STANBOL-660 [1] is now resolved (both 0.12.1 and 1.0.0) - so you can
now explicitly parse the language of the parsed content by using the
Content-Language header.

best
Rupert

[1] https://issues.apache.org/jira/browse/STANBOL-660

On Mon, May 19, 2014 at 8:27 AM, Rupert Westenthaler
<ru...@gmail.com> wrote:
> Hi Stefan
>
> On Sat, May 17, 2014 at 3:49 PM, Stefan Bunk
> <st...@student.hpi.uni-potsdam.de> wrote:
>> Problem is, that my texts send to the chain are quite short, only one
>> sentence usually and they often contain some obviously non-english name
>> like "Costa de Xurius". This confuses the language detection, which does
>> not output english anymore but rather spanish in this example. Afterwards,
>> the geonames-ner engine does not even bother to run because the text is not
>> in a language it was trained for.
>>
>> So, what's the right way to do it now? Can I somehow force the chain to
>> emit english as the language of the text? Removing the langdetect engine
>> does not work, as it is needed by the custom ner model engine.
>>
>
> This remembers me on STANBOL-660 that is about exactly this problem.
> Was not affected by it for some time so I totally forgot about it.
> I scheduled this issue to be fixed with 0.12.1 and 1.0.0. Will try to
> implement this later today.
>
> When this is implemented you can parse the language via the
> Content-Language header and remove the LanguageDetection engine from
> your chain.
>
>> ----
>> Furthermore, I am not satisfied with the geonames.org entity linking.
>> Even when the text is correctly classified as english and the location
>> entity is found, the geonames linking can't link many entities.
>> Example:
>> The text snippet is "University of Buenos Aires". This is the exact name of
>> the entity on geonames.org. Still, I had to lower the confidence score to
>> 20% to have the geonames engine find the link (confidence: 24%).
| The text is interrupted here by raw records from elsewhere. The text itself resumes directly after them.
lemma sum_laplacian_closed:
  assumes g: "network V c" and W: "W \<subseteq> V" and z: "z \<in> V"
    and closed: "\<And>w u. w \<in> W \<Longrightarrow> u \<in> V - W \<Longrightarrow> c w u = 0"
  shows "(\<Sum>w\<in>W. laplacian V c w z) = 0"
proof (cases "z \<in> W")
  case True
  have fin: "finite V" and sym: "\<And>y z. c y z = c z y" using g unfolding network_def by auto
  have finW: "finite W" using W fin finite_subset by blast
  have "V - {z} = (W - {z}) \<union> (V - W)" "(W - {z}) \<inter> (V - W) = {}" using W True by auto
  then have "wdegree V c z = (\<Sum>u\<in>W - {z}. c z u) + (\<Sum>u\<in>V - W. c z u)"
    unfolding wdegree_def using fin finW by (simp add: sum.union_disjoint)
  moreover have "(\<Sum>u\<in>V - W. c z u) = 0" using closed True by simp
  moreover have "(\<Sum>w\<in>W. laplacian V c w z) = laplacian V c z z + (\<Sum>w\<in>W - {z}. laplacian V c w z)"
    using sum.remove[OF finW True] .
  moreover have "(\<Sum>w\<in>W - {z}. laplacian V c w z) = - (\<Sum>w\<in>W - {z}. c z w)"
    by (simp add: laplacian_def sum_negf sym)
  ultimately show ?thesis by (simp add: laplacian_def)
next
  case False
  then show ?thesis
    using closed z unfolding laplacian_def by (auto intro: sum.neutral)
qed

lemma reduced_det_disconnected:
  assumes g: "network V c" and q: "q \<in> V" and y: "y \<in> V" and nr: "\<not> (linked V c)\<^sup>*\<^sup>* q y"
  shows "det_on (V - {q}) (laplacian V c) = 0"
proof -
  have fin: "finite V" and nn: "\<And>y z. 0 \<le> c y z" using g unfolding network_def by auto
  define W where "W = {w\<in>V. \<not> (linked V c)\<^sup>*\<^sup>* q w}"
  have closed: "c w u = 0" if "w \<in> W" "u \<in> V - W" for w u
  proof (rule ccontr)
    assume "c w u \<noteq> 0"
    then have "linked V c u w"
      using that nn[of w u] linked_sym[OF g, of w u] unfolding linked_def W_def by auto
    moreover have "(linked V c)\<^sup>*\<^sup>* q u" using that unfolding W_def by auto
    ultimately have "(linked V c)\<^sup>*\<^sup>* q w" by (rule rtranclp.rtrancl_into_rtrancl[rotated])
    then show False using that unfolding W_def by auto
  qed
  have WV: "W \<subseteq> V" unfolding W_def by auto
  show ?thesis
  proof (rule det_on_rows_sum_zero)
    show "W \<subseteq> V - {q}" "y \<in> W" using y nr unfolding W_def by auto
    show "(\<Sum>w\<in>W. laplacian V c w j) = 0" if "j \<in> V - {q}" for j
      by (rule sum_laplacian_closed[OF g WV _ closed]) (use that in auto)
  qed (use fin in simp)
qed

lemma reduced_det_indep:
  assumes g: "network V c" and p: "p \<in> V" and q: "q \<in> V"
  shows "det_on (V - {p}) (laplacian V c) = det_on (V - {q}) (laplacian V c)"
proof (cases "connected_network V c")
  case True
  then show ?thesis using reduced_det_indep_connected[OF g True p q] by simp
next
  case False
  then obtain y z where yz: "y \<in> V" "z \<in> V" "\<not> (linked V c)\<^sup>*\<^sup>* y z"
    unfolding connected_network_def by blast
  have "\<exists>w\<in>V. \<not> (linked V c)\<^sup>*\<^sup>* r w" for r
    using yz linked_rtranclp_sym[OF g] by (meson rtranclp_trans)
  then show ?thesis
    using reduced_det_disconnected[OF g p] reduced_det_disconnected[OF g q] by metis
qed

section \<open>Kirchhoff's determinant of a multigraph\<close>

definition edge_conductance :: "'e set \<Rightarrow> ('e \<Rightarrow> 'v \<times> 'v) \<Rightarrow> ('e \<Rightarrow> real) \<Rightarrow> 'v \<Rightarrow> 'v \<Rightarrow> real" where
  "edge_conductance E ends L y z = (\<Sum>e\<in>{e\<in>E. ends e = (y, z) \<or> ends e = (z, y)}. 1 / L e)"

definition weighted_graph :: "'v set \<Rightarrow> 'e set \<Rightarrow> ('e \<Rightarrow> 'v \<times> 'v) \<Rightarrow> ('e \<Rightarrow> real) \<Rightarrow> bool" where
  "weighted_graph V E ends L \<longleftrightarrow>
     finite V \<and> finite E \<and> (\<forall>e\<in>E. fst (ends e) \<in> V \<and> snd (ends e) \<in> V \<and> 0 < L e)"
lemma cramer_hop:
  assumes "Del > 0" and "0 \<le> mu i"
  shows "cramer Del d (p i) (hop th0 Del d P R mu g p i)
    = mu i * cramer Del d (p i) (Gop th0 Del d P R g p i)"
proof -
  have "cdfF (p i) k - cdfF (hop th0 Del d P R mu g p i) k
      = mu i * (cdfF (p i) k - cdfF (Gop th0 Del d P R g p i) k)" for k
    by (simp add: cdfF_hop algebra_simps)
  then show ?thesis
    unfolding cramer_eq_L2_set[OF assms(1)] by (simp add: L2_set_right_distrib[OF assms(2), symmetric])
qed

lemma cramer_Gop_weighted_le_cramer_hop:
  fixes P :: "'s::finite \<Rightarrow> 's \<Rightarrow> real"
  assumes "stochastic_matrix P" and "\<And>i j. finite (set_pmf (R i j))"
    and "Del > 0" and "\<And>j. p j \<in> prob_simplex d" and "0 \<le> mu i" and "mu i \<le> 1"
  shows "mu i * cramer Del d (p i) (Gop th0 Del d P R r p i)
    \<le> cramer Del d (p i) (hop th0 Del d P R mu g p i) + \<bar>g - r\<bar> / sqrt Del"
proof -
  let ?Gg = "Gop th0 Del d P R g p i" and ?Gr = "Gop th0 Del d P R r p i"
  have "mu i * cramer Del d (p i) ?Gr \<le> mu i * (cramer Del d (p i) ?Gg + cramer Del d ?Gg ?Gr)"
    by (rule mult_left_mono[OF cramer_triangle[OF assms(3)] assms(5)])
  also have "\<dots> = cramer Del d (p i) (hop th0 Del d P R mu g p i) + mu i * cramer Del d ?Gg ?Gr"
    by (simp add: cramer_hop[where mu = mu and i = i, OF assms(3,5)] distrib_left)
  also have "mu i * cramer Del d ?Gg ?Gr \<le> cramer Del d ?Gg ?Gr"
    using assms(6) cramer_nonneg[OF assms(3)] mult_right_mono[of "mu i" 1] by fastforce
  also have "cramer Del d ?Gg ?Gr \<le> \<bar>g - r\<bar> / sqrt Del"
    by (rule cramer_Gop_offset_le[OF assms(1-4)])
  finally show ?thesis
    by simp
qed

lemma stationary_dist_bounds:
  fixes mu :: "'s::finite \<Rightarrow> real"
  assumes "stationary_dist P mu"
  shows "0 \<le> mu i" and "mu i \<le> 1"
proof -
  show nonneg: "0 \<le> mu i" for i
    using assms by (simp add: stationary_dist_def)
  have "mu i \<le> (\<Sum>j\<in>UNIV. mu j)"
    by (rule member_le_sum) (auto simp: nonneg)
  then show "mu i \<le> 1"
    using assms by (simp add: stationary_dist_def)
qed

theorem corollary3:
  fixes P :: "'s::finite \<Rightarrow> 's \<Rightarrow> real"
    and R :: "'s \<Rightarrow> 's \<Rightarrow> real pmf"
    and mu :: "'s \<Rightarrow> real"
    and th0 Del lam g :: real
    and d :: nat
    and p :: "'s \<Rightarrow> nat \<Rightarrow> real"
  assumes "stochastic_matrix P"
    and "irreducible_matrix P"
    and "aperiodic_matrix P"
    and "stationary_dist P mu"
    and "\<And>i j. finite (set_pmf (R i j)) \<and> set_pmf (R i j) \<subseteq> {0..1}"
    and "Del > 0"
    and "lam \<ge> 1 / sqrt Del"
    and "\<And>i. p i \<in> prob_simplex d"
    and "g \<in> {0..1}"
  shows "Min (range mu) * cramer_inf Del d p (Gop th0 Del d P R (gain P R mu) p)
           \<le> dlam Del d lam (p, g) (hop th0 Del d P R mu g p, gain P R mu)
         \<and> \<bar>g - gain P R mu\<bar>
           \<le> dlam Del d lam (p, g) (hop th0 Del d P R mu g p, gain P R mu) / lam"
proof -
  define r G h where "r = gain P R mu" and "G = Gop th0 Del d P R r p"
    and "h = hop th0 Del d P R mu g p"
  have dlam_eq: "dlam Del d lam (p, g) (h, r) = cramer_inf Del d p h + lam * \<bar>g - r\<bar>"
    by (simp add: dlam_def)
  have "0 < 1 / sqrt Del"
    using assms(6) by simp
  then have lam_pos: "lam > 0"
    using assms(7) by linarith
  have offset_le: "\<bar>g - r\<bar> / sqrt Del \<le> lam * \<bar>g - r\<bar>"
    using mult_right_mono[OF assms(7) abs_ge_zero, of "g - r"] by simp
  obtain i where i: "cramer_inf Del d p G = cramer Del d (p i) (G i)"
    by (rule cramer_inf_attained)
  have "Min (range mu) * cramer_inf Del d p G \<le> mu i * cramer Del d (p i) (G i)"
    unfolding i by (intro mult_right_mono cramer_nonneg[OF assms(6)] Min_le) auto
  also have "\<dots> \<le> cramer Del d (p i) (h i) + \<bar>g - r\<bar> / sqrt Del"
    unfolding G_def h_def using assms(1,5,6,8) stationary_dist_bounds[OF assms(4)]
    by (intro cramer_Gop_weighted_le_cramer_hop) auto
  also have "\<dots> \<le> dlam Del d lam (p, g) (h, r)"
    unfolding dlam_eq using cramer_le_cramer_inf offset_le by (rule add_mono)
  finally have "Min (range mu) * cramer_inf Del d p G \<le> dlam Del d lam (p, g) (h, r)" .
  moreover have "\<bar>g - r\<bar> \<le> dlam Del d lam (p, g) (h, r) / lam"
    using lam_pos cramer_inf_nonneg[OF assms(6), of d p h] by (simp add: dlam_eq pos_le_divide_eq)
  ultimately show ?thesis
    by (simp add: r_def G_def h_def)
qed

end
Many
>> entities are not even found, even when I use the exact name as on
>> geonames.org and it is correctly identified as a location.
>>
>> Where can I look into to increase the linking performance?
>>
>
> I think STANBOL-1303 is the reason for the unexpected confidence values.
>
> You can try using the Entityhub Indexing Tool for Geonames
> (entityhub/indexing/geonames) to generate your own local index for
> Geonames. After installing this index to the Stanbol Entityhub you can
> used the Named Entity Linking Engine [1] for entity linking. This
> would also have the advantage that you do not depend on an external
> service for linking.
>
> You can use one of the genomes indexes available at [2] for testing.
> Those are based on a geonames.org dump that is about 1 year old.
>
> best
> Rupert
>
>
>
> [1] http://stanbol.apache.org/docs/trunk/components/enhancer/engines/namedentitytaggingengine
> [2] http://dev.iks-project.eu/downloads/stanbol-indices/geonames/
>
> --
> | Rupert Westenthaler             rupert.westenthaler@gmail.com
> | Bodenlehenstraße 11                              ++43-699-11108907
> | A-5500 Bischofshofen
> | REDLINK.CO ..........................................................................
> | http://redlink.co/



-- 
| Rupert Westenthaler             rupert.westenthaler@gmail.com
| Bodenlehenstraße 11                              ++43-699-11108907
| A-5500 Bischofshofen
| REDLINK.CO ..........................................................................
| http://redlink.co/

Re: [user-question] Building a custom NER-Model for geonames.org

Posted by Rupert Westenthaler <ru...@gmail.com>.
Hi Stefan

On Sat, May 17, 2014 at 3:49 PM, Stefan Bunk
<st...@student.hpi.uni-potsdam.de> wrote:
> Problem is, that my texts send to the chain are quite short, only one
> sentence usually and they often contain some obviously non-english name
> like "Costa de Xurius". This confuses the language detection, which does
> not output english anymore but rather spanish in this example. Afterwards,
> the geonames-ner engine does not even bother to run because the text is not
> in a language it was trained for.
>
> So, what's the right way to do it now? Can I somehow force the chain to
> emit english as the language of the text? Removing the langdetect engine
> does not work, as it is needed by the custom ner model engine.
>

This remembers me on STANBOL-660 that is about exactly this problem.
Was not affected by it for some time so I totally forgot about it.
I scheduled this issue to be fixed with 0.12.1 and 1.0.0. Will try to
implement this later today.

When this is implemented you can parse the language via the
Content-Language header and remove the LanguageDetection engine from
your chain.

> ----
> Furthermore, I am not satisfied with the geonames.org entity linking.
> Even when the text is correctly classified as english and the location
> entity is found, the geonames linking can't link many entities.
> Example:
> The text snippet is "University of Buenos Aires". This is the exact name of
> the entity on geonames.org. Still, I had to lower the confidence score to
> 20% to have the geonames engine find the link (confidence: 24%). Many
> entities are not even found, even when I use the exact name as on
> geonames.org and it is correctly identified as a location.
>
> Where can I look into to increase the linking performance?
>

I think STANBOL-1303 is the reason for the unexpected confidence values.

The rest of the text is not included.